14— Je voulais saisir l’occasion pour vous remercier de votre traduction ! À lire certains critiques, la pièce n’a que des défauts : pièce ampoulée, mal traduite, d’une versification peu complexe … Comment avez-vous abordé la question de la traduction d’une œuvre elle-même adaptée ?

15— J’ai accueilli cette écriture telle qu’en elle-même, et donc comme infiniment respectable. Je m’inscris en faux contre les attaques des critiques, car son statut de traduction n’en fait pas un texte mineur. L’adaptation de l’original peut choquer les puristes, mais Henri Meschonnic rappelle que les mauvaises traductions font parfois les plus textes les plus durables. Je repense toujours à Antoine Vitez, qui, lorsqu’il avait retraduit Électre de Sophocle, s’était exclamé : « on découvre avec surprise que c’est une bonne pièce » (Vitez 1986). Évidemment, c’était une boutade, mais ce qu’il voulait dire, au fond, c’est qu’une tragédie du Ve siècle avant J.-C. est un « monument » indiscutable, mais que cela reste du bon théâtre ! Everyman a survécu jusqu’à aujourd’hui comme un formidable matériau dramatique, nous l’avons constaté pendant toutes les répétitions. Je me suis emparé de la pièce anglaise pour ce qu’elle est, comme le produit d’un riche processus de concrétion et de transmission interculturelle.

16— Dans votre traduction vous avez joué sur divers registres de langage, en donnant au personnage d’« Amitié » un langage contemporain. Comment définiriez-vous vos choix ? Est-ce que vous fuyez le pastiche ?

17— Le Moyen Âge (Victor Hugo et Bakhtine l’ont bien analysé), est une époque de notre culture où les frontières entre comique et tragique, l’obscène et le bienséant, l’oral et l’écrit n’ont pas encore été verrouillées. Et il y a un certain plaisir à révéler, dans une pièce réputée aride et didactique, la truculence. Même une pièce religieuse médiévale parle des « réalités », comme dit Molière. Je suis intimement persuadé que lorsqu’elle était jouée à l’époque, la pièce devait faire rire aux éclats : j’ai entendu ces rires tout au long des répétitions. La trahison d’Everyman par ses « amis » relève du comique de répétition : ce comique est un des principes structurels de l’œuvre. Famille propose à Tout-Homme de se faire accompagner à la tombe par … la bonne ! Et Beauté, à la fin, « remballe son tricot ». Bosch et Breughel ne sont pas loin.

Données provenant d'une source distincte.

lemma seq_prods_add:
  assumes "S \<in> seqs (carrier G)" "T \<in> seqs (carrier G)"
    and "a \<in> seq_prods G S" "b \<in> seq_prods G T"
  shows "a \<otimes> b \<in> seq_prods G (S + T)"
proof -
  obtain xs ys where "mset xs = S" "lprod G xs = a" "mset ys = T" "lprod G ys = b"
    using assms(3,4) by (auto elim!: seq_prodsE)
  with assms(1,2) show ?thesis
    by (intro seq_prodsI[of "xs @ ys"]) (auto simp: lprod_append)
qed

lemma lprod_eq_central_mult_remove1:
  assumes "x \<in> grp_center G" "x \<in> set w" "set w \<subseteq> carrier G"
  shows "lprod G w = x \<otimes> lprod G (remove1 x w)"
  using assms
proof (induction w)
  case (Cons y w)
  show ?case
  proof (cases "y = x")
    case False
    with Cons have "y \<otimes> x = x \<otimes> y" "x \<in> carrier G" "set (remove1 x w) \<subseteq> carrier G"
      by (auto simp: grp_center_def dest: subsetD[OF set_remove1_subset])
    with False Cons show ?thesis
      by (simp add: m_assoc[symmetric])
  qed simp
qed simp

lemma lprod_split_central:
  assumes "set t \<subseteq> grp_center G" "mset w = mset t + U" "set w \<subseteq> carrier G"
  obtains u where "mset u = U" "lprod G w = lprod G t \<otimes> lprod G u"
  using assms
proof (induction t arbitrary: w thesis)
  case Nil
  then show ?case
    by auto
next
  case (Cons x t)
  have "x \<in> set w"
    using arg_cong[OF Cons.prems(3), of set_mset] by simp
  with Cons.prems have w: "lprod G w = x \<otimes> lprod G (remove1 x w)"
    by (intro lprod_eq_central_mult_remove1) auto
  have rest: "mset (remove1 x w) = mset t + U" "set (remove1 x w) \<subseteq> carrier G"
    using Cons.prems(3,4) set_remove1_subset[of x w] by auto
  then obtain u where u: "mset u = U" "lprod G (remove1 x w) = lprod G t \<otimes> lprod G u"
    using Cons.IH[of "remove1 x w"] Cons.prems(2) rest by auto
  have "set u \<subseteq> set (remove1 x w)"
    using rest(1) u(1) by (metis mset_subset_eq_add_right set_mset_mono set_mset_mset)
  then have "set t \<subseteq> carrier G" "set u \<subseteq> carrier G" "x \<in> carrier G"
    using Cons.prems(2) grp_center_subset_carrier[of G] rest(2) by auto
  with Cons.prems(1) w u show ?case
    by (simp add: m_assoc)
qed
(* Let $p$ be a complex polynomial, $Y_p=\mathbf1-p(L)$, and assume $Y_p$ is injective and $p(L)^k\to0$ strongly as $k\to\infty$. Then $[N,\log Y_p]=Lp'(L)Y_p^{-1}$ on $\mathrm{ran}(Y_p)\cap\mathrm D(N\log Y_p)\cap\mathrm D(\log(Y_p)N)$, and $[N,\log(Y_p^* )]=-L^*p'(L^* )(Y_p^* )^{-1}$ on $\mathrm{ran}(Y_p^* )\cap\mathrm D(N\log(Y_p^* ))\cap\mathrm D(\log(Y_p^* )N)$.
   Context: $\ell^2=\ell^2(\mathbb N)$, $\mathbb N=\{0,1,\dots\}$, basis $(\xi_n)$; $N\xi_n=n\xi_n$ (self-adjoint, maximal domain); $L$ left shift ($L\xi_n=\xi_{n-1}$, $L\xi_0=0$), $L^*$ its adjoint (right shift). $p(L)$, $p'(L)$ are obtained by substitution; $p'(L^* )$ likewise. For a linear operator $A$, $\mathrm D(\log A)=\{f\in\bigcap_{k\ge0}\mathrm D(A^k):\lim_K\sum_{k=1}^K\frac1k(\mathbf1-A)^kf\text{ exists}\}$, $\log Af=-\sum_{k\ge1}\frac1k(\mathbf1-A)^kf$. Commutators $[A,B]=AB-BA$ on $\mathrm D(AB)\cap\mathrm D(BA)$. *)

theory Defs
  imports Complex_Main "HOL-Computational_Algebra.Polynomial"
begin

type_synonym vec = "nat \<Rightarrow> complex"

definition l2 :: "vec set" where
  "l2 = {f. summable (\<lambda>n. (cmod (f n))^2)}"

definition l2norm :: "vec \<Rightarrow> real" where
  "l2norm f = sqrt (\<Sum>n. (cmod (f n))^2)"

definition Nop :: "vec \<Rightarrow> vec" where
  "Nop f = (\<lambda>n. of_nat n * f n)"

definition DN :: "vec set" where
  "DN = {f \<in> l2. Nop f \<in> l2}"

definition Lsh :: "vec \<Rightarrow> vec" where
  "Lsh f = (\<lambda>n. f (n + 1))"

definition Rsh :: "vec \<Rightarrow> vec" where
  "Rsh f = (\<lambda>n. if n = 0 then 0 else f (n - 1))"

definition polyL :: "complex poly \<Rightarrow> vec \<Rightarrow> vec" where
  "polyL p f = (\<lambda>n. \<Sum>i\<le>degree p. coeff p i * f (n + i))"

definition polyLs :: "complex poly \<Rightarrow> vec \<Rightarrow> vec" where
  "polyLs p f = (\<lambda>n. \<Sum>i\<le>degree p. coeff p i * (if i \<le> n then f (n - i) else 0))"

text \<open>Y_p = 1 - p(L) and its adjoint Y_p^* = 1 - p(L)^* = 1 - pbar(L^*).\<close>
definition Yop :: "complex poly \<Rightarrow> vec \<Rightarrow> vec" where
  "Yop p f = (\<lambda>n. f n - polyL p f n)"

definition Ystar :: "complex poly \<Rightarrow> vec \<Rightarrow> vec" where
  "Ystar p f = (\<lambda>n. f n - polyLs (map_poly cnj p) f n)"

text \<open>Logarithm of an operator A (acting on sequences), via the series
  log A f = - sum_{k>=1} (1/k) (1 - A)^k f, convergence in l2-norm.\<close>
definition logPartial :: "(vec \<Rightarrow> vec) \<Rightarrow> vec \<Rightarrow> nat \<Rightarrow> vec" where
  "logPartial A f K = (\<lambda>n. \<Sum>k=1..K. (1 / of_nat k) * (((\<lambda>h m. h m - A h m) ^^ k) f) n)"

definition l2_tendsto :: "(nat \<Rightarrow> vec) \<Rightarrow> vec \<Rightarrow> bool" where
  "l2_tendsto S g \<longleftrightarrow> g \<in> l2 \<and> (\<forall>K. S K \<in> l2) \<and>
     (\<lambda>K. l2norm (\<lambda>n. S K n - g n)) \<longlonglongrightarrow> 0"

definition logDom :: "(vec \<Rightarrow> vec) \<Rightarrow> vec set" where
  "logDom A = {f \<in> l2. (\<forall>k. (A ^^ k) f \<in> l2) \<and> (\<exists>g. l2_tendsto (logPartial A f) g)}"

definition logOp :: "(vec \<Rightarrow> vec) \<Rightarrow> vec \<Rightarrow> vec" where
  "logOp A f = (\<lambda>n. - (THE g. l2_tendsto (logPartial A f) g) n)"

definition DNlog :: "(vec \<Rightarrow> vec) \<Rightarrow> vec set" where
  "DNlog A = {f \<in> logDom A. logOp A f \<in> DN}"

definition DlogN :: "(vec \<Rightarrow> vec) \<Rightarrow> vec set" where
  "DlogN A = {f \<in> DN. Nop f \<in> logDom A}"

18Mais, dans votre traduction, dans votre mise en scène, on voit que le Moyen Âge ne vaut pas que par sa liberté « comique ». Par exemple, j’ai été surprise que vous rendiez « rood of Grace », la « croix du Sauveur », par « bois ». Cela m’a paru soudain répondre à un choix poétique « sérieux », et il m’a semblé que vous vouliez conserver une certaine poésie du sacré.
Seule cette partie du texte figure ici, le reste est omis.